theorem lemma4p5:
  fixes R r :: real and f g :: dpair
  assumes "R > 0" and "r > 0"
    and "inK (q1 R r) f" and "inK (q1 R r) g"
  shows "set_integrable lborel {-1/2..1/2::real} (Edens (q1 R r) f g) \<and>
         (\<forall>s t. -1/2 \<le> s \<and> s \<le> t \<and> t \<le> 1/2 \<longrightarrow>
            ipK (q1 R r) f (Eres (q1 R r) t g) - ipK (q1 R r) f (Eres (q1 R r) s g)
              = (LINT x:{s..t}|lborel. Edens (q1 R r) f g x))"
proof -
  have q: "0 < q1 R r"
    unfolding q1_def using assms(1,2) by (intro add_pos_pos) auto
  note int = set_integrable_Edens[OF q assms(3,4)]
  have ipK_Eres:
    "ipK (q1 R r) f (Eres (q1 R r) t g) = (LINT x:{- 1/2..t}|lborel. Edens (q1 R r) f g x)"
    if "- 1/2 \<le> t" "t \<le> 1/2" for t
    using that set_integral_Edens_neg_eq_ipK_Eres[OF q assms(3,4)]
      set_integral_Edens_zero_eq_ipK_Eres[OF q assms(3,4)]
      set_integral_Edens_pos_eq_ipK_Eres[OF q assms(3,4)]
    by (cases t "0::real" rule: linorder_cases) auto
  have "ipK (q1 R r) f (Eres (q1 R r) t g) - ipK (q1 R r) f (Eres (q1 R r) s g)
          = (LINT x:{s..t}|lborel. Edens (q1 R r) f g x)"
    if "- 1/2 \<le> s" "s \<le> t" "t \<le> 1/2" for s t
    using that ipK_Eres set_integral_Icc_add[OF set_integrable_subset[OF int], of "- 1/2" t s]
    by (simp add: algebra_simps)
  with int show ?thesis
    by auto
qed

end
_ _ _
### Task to complete
Start at the first line and transcribe the data exactly through the last.

### Solution to this exercise
theorem lemma4p5:
  fixes R r :: real and f g :: dpair
  assumes "R > 0" and "r > 0"
    and "inK (q1 R r) f" and "inK (q1 R r) g"
  shows "set_integrable lborel {-1/2..1/2::real} (Edens (q1 R r) f g) \<and>
         (\<forall>s t. -1/2 \<le> s \<and> s \<le> t \<and> t \<le> 1/2 \<longrightarrow>
            ipK (q1 R r) f (Eres (q1 R r) t g) - ipK (q1 R r) f (Eres (q1 R r) s g)
              = (LINT x:{s..t}|lborel. Edens (q1 R r) f g x))"
proof -
  have q: "0 < q1 R r"
    unfolding q1_def using assms(1,2) by (intro add_pos_pos) auto
  note int = set_integrable_Edens[OF q assms(3,4)]
  have ipK_Eres:
    "ipK (q1 R r) f (Eres (q1 R r) t g) = (LINT x:{- 1/2..t}|lborel. Edens (q1 R r) f g x)"
    if "- 1/2 \<le> t" "t \<le> 1/2" for t
    using that set_integral_Edens_neg_eq_ipK_Eres[OF q assms(3,4)]
      set_integral_Edens_zero_eq_ipK_Eres[OF q assms(3,4)]
      set_integral_Edens_pos_eq_ipK_Eres[OF q assms(3,4)]
    by (cases t "0::real" rule: linorder_cases) auto
  have "ipK (q1 R r) f (Eres (q1 R r) t g) - ipK (q1 R r) f (Eres (q1 R r) s g)
          = (LINT x:{s..t}|lborel. Edens (q1 R r) f g x)"
    if "- 1/2 \<le> s" "s \<le> t" "t \<le> 1/2" for s t
    using that ipK_Eres set_integral_Icc_add[OF set_integrable_subset[OF int], of "- 1/2" t s]
    by (simp add: algebra_simps)
  with int show ?thesis
    by auto
qed

end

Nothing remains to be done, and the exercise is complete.